1. This first problem is meant to give you a chance to work through the “per mol” issue in class
in a context with really easy math. Note that many of the answers to the earlier parts will be
given to you in later parts, but the point is for you to walk through the logic, so make sure you
do so. Consider the following reaction:
C(s) + 2F2(g)  CF4(g)
(a) Find ΔH˚ for this reaction. Your units should come out as kJ/mol.
(b) Spoiler alert: Your answer to part (a) should have been -679.9 kJ/mol. Write out the
following sentence, with the blanks filled in as appropriate: 679.9 kJ of enthalpy are
released when ______ moles of C(s) react with ______ moles of F2(g) to produce ______
moles of CF4(g).
(c) What is the ΔH˚ for this reaction per mole of C(s) that reacts? Per mol of F2(g) that reacts?
Per mole of CF4 that is produced? These aren’t necessarily the same numbers.
(d) You should have found that 679.9 kJ of enthalpy is released per mol of C that reacts, but
that only 340.0 kJ of enthalpy is released per mol of F2 that reacts.
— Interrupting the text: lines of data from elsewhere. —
(* Let $b\ge1$, let $\lambda^{(1)},\dots,\lambda^{(b)}$ be nonempty partitions of total size $n$, and let $k$ be a positive divisor of $n$. If $k$ divides $\gcd(|\lambda^{(1)}|,\dots,|\lambda^{(b)}|)$, then $$\mathrm{SYT}(\lambda^{(1)}\cup\cdots\cup\lambda^{(b)})^{\operatorname{pr}^{n/k}}=\Big\{I_{n/k,M_1}(T_1)\cup\cdots\cup I_{n/k,M_b}(T_b)\ :\ T_j\in\mathrm{SYT}(\lambda^{(j)})^{\operatorname{pr}^{|\lambda^{(j)}|/k}}\ (1\le j\le b),\ (M_1,\dots,M_b)\in\mathcal{P}\Big\},$$ where $\mathcal{P}$ is the set of ordered set partitions $(M_1,\dots,M_b)$ of $[n/k]$ into pairwise disjoint sets with $|M_j|=|\lambda^{(j)}|/k$. Otherwise, $\mathrm{SYT}(\lambda^{(1)}\cup\cdots\cup\lambda^{(b)})^{\operatorname{pr}^{n/k}}=\varnothing$.
   Context: Tableaux in English notation. $\lambda^{(1)}\cup\cdots\cup\lambda^{(b)}$ is the skew shape formed by placing translates of the Young diagrams $\lambda^{(1)},\dots,\lambda^{(b)}$ block anti-diagonally, with $\lambda^{(j+1)}$ entirely strictly above and strictly to the right of $\lambda^{(j)}$ (no shared rows or columns); for fillings $U_j$ of the pieces, $U_1\cup\cdots\cup U_b$ denotes the corresponding filling of this skew shape. $\mathrm{SYT}(\cdot)$ is the set of standard tableaux of a shape; for a map $g$, $W^g$ is its fixed point set. Promotion $\operatorname{pr}$ on a standard (skew) tableau with $n$ cells: erase $1$, slide the empty cell by jeu de taquin (repeatedly move into it the smaller of its right and lower neighbours in the shape) until it reaches an outer corner of the shape, fill that corner with $n+1$, subtract $1$ from all entries. For a standard tableau $T$ of size $N$, a positive integer $m$, and $A=\{a_1<\cdots<a_q\}\subseteq[m]$ with $q\mid N$, $I_{m,A}(T)$ is obtained from $T$ by replacing each entry $iq+j$ (with $0\le i<N/q$, $1\le j\le q$) by $im+a_j$. *)

theory Defs
  imports Main
begin

text \<open>Cells are pairs (row, column), English notation: rows grow downward,
columns grow to the right.  A filling (tableau) is a map from cells to nat,
with value 0 outside the shape.\<close>

type_synonym cell = "nat \<times> nat"
type_synonym tableau = "cell \<Rightarrow> nat"

definition is_partition :: "nat list \<Rightarrow> bool" where
  "is_partition lam \<longleftrightarrow> sorted_wrt (\<ge>) lam \<and> (\<forall>x\<in>set lam. 0 < x)"

definition psize :: "nat list \<Rightarrow> nat" where
  "psize lam = sum_list lam"

definition young :: "nat list \<Rightarrow> cell set" where
  "young lam = {(i, j). i < length lam \<and> j < lam ! i}"

definition SYT :: "cell set \<Rightarrow> tableau set" where
  "SYT S = {T. (\<forall>c. c \<notin> S \<longrightarrow> T c = 0)
              \<and> bij_betw T S {1..card S}
              \<and> (\<forall>i j j'. (i, j) \<in> S \<and> (i, j') \<in> S \<and> j < j' \<longrightarrow> T (i, j) < T (i, j'))
              \<and> (\<forall>i i' j. (i, j) \<in> S \<and> (i', j) \<in> S \<and> i < i' \<longrightarrow> T (i, j) < T (i', j))}"

text \<open>One jeu de taquin move of the empty cell c (which carries value 0).\<close>
definition slide_step :: "cell set \<Rightarrow> tableau \<times> cell \<Rightarrow> tableau \<times> cell" where
  "slide_step S st = (let T = fst st; c = snd st;
      r = (fst c, Suc (snd c)); d = (Suc (fst c), snd c) in
      if r \<in> S \<and> (d \<notin> S \<or> T r < T d) then (T(c := T r, r := 0), r)
      else if d \<in> S then (T(c := T d, d := 0), d)
      else (T, c))"

text \<open>Promotion: erase 1, slide the empty cell to an outer corner (at most card S
moves; further iterations are idle), fill it with n+1, subtract 1 everywhere.\<close>
definition promotion :: "cell set \<Rightarrow> tableau \<Rightarrow> tableau" where
  "promotion S T = (let c0 = (THE c. c \<in> S \<and> T c = 1);
      st = (slide_step S ^^ card S) (T(c0 := 0), c0);
      T' = fst st; c = snd st in
      (\<lambda>x. if x \<in> S then (if x = c then card S else T' x - 1) else 0))"

definition fixed_SYT :: "cell set \<Rightarrow> nat \<Rightarrow> tableau set" where
  "fixed_SYT S m = {T \<in> SYT S. (promotion S ^^ m) T = T}"

text \<open>I_{m,A}: entry i*q+j (1 \<le> j \<le> q) becomes i*m + a_j, q = |A|.\<close>
definition Iop :: "nat \<Rightarrow> nat set \<Rightarrow> tableau \<Rightarrow> tableau" where
  "Iop m A T = (\<lambda>x. if T x = 0 then 0 else
      ((T x - 1) div card A) * m + sorted_list_of_set A ! ((T x - 1) mod card A))"

text \<open>Block anti-diagonal placement: piece j+1 lies strictly above and strictly to
the right of piece j (0-indexed pieces).\<close>
definition row_off :: "nat list list \<Rightarrow> nat \<Rightarrow> nat" where
  "row_off lams j = sum_list (map length (drop (Suc j) lams))"

definition col_off :: "nat list list \<Rightarrow> nat \<Rightarrow> nat" where
  "col_off lams j = sum_list (map hd (take j lams))"

definition piece :: "nat list list \<Rightarrow> nat \<Rightarrow> cell set" where
  "piece lams j = (\<lambda>(x, y). (x + row_off lams j, y + col_off lams j)) ` young (lams ! j)"

definition skew_shape :: "nat list list \<Rightarrow> cell set" where
  "skew_shape lams = (\<Union>j<length lams. piece lams j)"

definition skew_union :: "nat list list \<Rightarrow> (nat \<Rightarrow> tableau) \<Rightarrow> tableau" where
  "skew_union lams U = (\<lambda>(x, y). \<Sum>j<length lams.
      if (x, y) \<in> piece lams j then U j (x - row_off lams j, y - col_off lams j) else 0)"

end

theory Submission
  imports Defs
begin

text \<open>A standard tableau of the block shape amounts to the sets A_j of entries in the blocks
  together with standard tableaux U_j of the blocks (the standardisations). Since the blocks
  share no rows or columns, the jeu de taquin slide of promotion stays inside the block holding 1;
  so promotion promotes that block and lowers every label by one, cyclically. After t promotions
  the label sets are rotated by t and block j has been promoted |A_j \<inter> [t]| times. Hence T is
  fixed by pr^m, m = n/k, iff each A_j is invariant under rotation by m, i.e. is the m-periodic
  extension of M_j = A_j \<inter> [m] (which forces |\<lambda>^(j)| = k |M_j|), and U_j is fixed by
  pr^|M_j|. Relabelling U_j by this periodic set is exactly I_{m,M_j}.\<close>

section \<open>Sorted enumerations of finite sets of naturals\<close>

abbreviation enum :: "nat set \<Rightarrow> nat list" where
  "enum A \<equiv> sorted_list_of_set A"

lemma enum_eqI: "sorted_wrt (<) xs \<Longrightarrow> set xs = A \<Longrightarrow> enum A = xs"
  by (metis List.finite_set strict_sorted_equal strict_sorted_list_of_set set_sorted_list_of_set)

lemma enum_nth_mem: "finite A \<Longrightarrow> v < card A \<Longrightarrow> enum A ! v \<in> A"
  by (metis length_sorted_list_of_set nth_mem set_sorted_list_of_set)

lemma enum_nth_less: "finite A \<Longrightarrow> v < w \<Longrightarrow> w < card A \<Longrightarrow> enum A ! v < enum A ! w"
  using strict_sorted_list_of_set[of A] sorted_wrt_nth_less[of "(<)" "enum A" v w] by simp

lemma enum_nth_less_iff:
  "finite A \<Longrightarrow> v < card A \<Longrightarrow> w < card A \<Longrightarrow> enum A ! v < enum A ! w \<longleftrightarrow> v < w"
  by (metis linorder_neqE_nat not_less_iff_gr_or_eq enum_nth_less)

lemma enum_nth_eq_iff:
  "finite A \<Longrightarrow> v < card A \<Longrightarrow> w < card A \<Longrightarrow> enum A ! v = enum A ! w \<longleftrightarrow> v = w"
  by (metis linorder_neqE_nat less_irrefl enum_nth_less)

definition enum_index :: "nat set \<Rightarrow> nat \<Rightarrow> nat" where
  "enum_index A a = (THE v. v < card A \<and> enum A ! v = a)"

lemma enum_index:
  assumes "finite A" "a \<in> A"
  shows "enum_index A a < card A" "enum A ! enum_index A a = a"
proof -
  obtain v where v: "v < card A" "enum A ! v = a"
    using assms by (metis in_set_conv_nth length_sorted_list_of_set set_sorted_list_of_set)
  have "\<exists>!v. v < card A \<and> enum A ! v = a" using v enum_nth_eq_iff[OF assms(1)] by metis
  then have "enum_index A a < card A \<and> enum A ! enum_index A a = a"
    unfolding enum_index_def by (rule theI')
  then show "enum_index A a < card A" "enum A ! enum_index A a = a" by auto
qed

lemma image_enum_nth:
  assumes "finite A" shows "(\<lambda>v. enum A ! v) ` {..<card A} = A"
proof
  show "(\<lambda>v. enum A ! v) ` {..<card A} \<subseteq> A" using enum_nth_mem[OF assms] by auto
  show "A \<subseteq> (\<lambda>v. enum A ! v) ` {..<card A}" using enum_index[OF assms] by (metis image_eqI lessThan_iff subsetI)
qed

lemma enum_index_nth: "finite A \<Longrightarrow> v < card A \<Longrightarrow> enum_index A (enum A ! v) = v"
  using enum_index[of A "enum A ! v"] enum_nth_mem enum_nth_eq_iff by metis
Why are these numbers
different?
(e) Finally, calculate the ΔH˚ when exactly 0.34 mol of C reacts with exactly 0.68 mol of F 2.
2. The overall reaction that causes heat packs to get warm is given below:
4Fe(s) + 3O2(g)  2Fe2O3(s)
Find ΔH˚ for the reaction where:
(a) 4 moles of Fe reacts with excess O2
(b) 1 mole of Fe reacts with excess O2
(c) 1 gram of Fe reacts with excess O2
3. The enthalpy change for burning ketene (CH2CO)
CH2CO(g) + 2O2(g)  2CO2(g) + H2O(g)
is ΔH˚ = -981.1 kJ/mol at 25˚C. The enthalpy change for the burning of methane
CH4(g) + 2O2(g)  CO2(g) + 2H2O(g)
is ΔH˚ = -802.3 kJ/mol at 25˚C. Calculate the enthalpy change at 25˚C for the following
reaction:
2CH4(g) + 2O2(g)  CH2CO(g) + 3H2O(g)
4. (a) Mixtures of fertilizer (ammonium nitrate) and fuel oil (a mixture of long-chain
hydrocarbons such as decane, C10H22) are the basis for powerful explosions. Calculate ΔH˚
for the following reaction [ΔH˚f (C10H22) = 249.7 kJ/mol]
3NH4NO3(s) + C10H22(l) + 14O2(g)  3N2(g) + 17 H2O(g) + 10CO2(g)
(b) Trinitrotoluene (TNT or C7H5N3O6) is another powerful explosive. Calculate ΔH˚ for the
following reaction under standard conditions [ΔH˚ f (C7H5N3O6) = -67.1 kJ/mol]
2C7H5N3O6(s)  12CO(g) + 5H2(g) + 2N2(g) + 2C(s)
(c) What mass of TNT would be required to equal the explosive power of 1 mole of
ammonium nitrate? (Another opportunity to practice what “per mole” means.)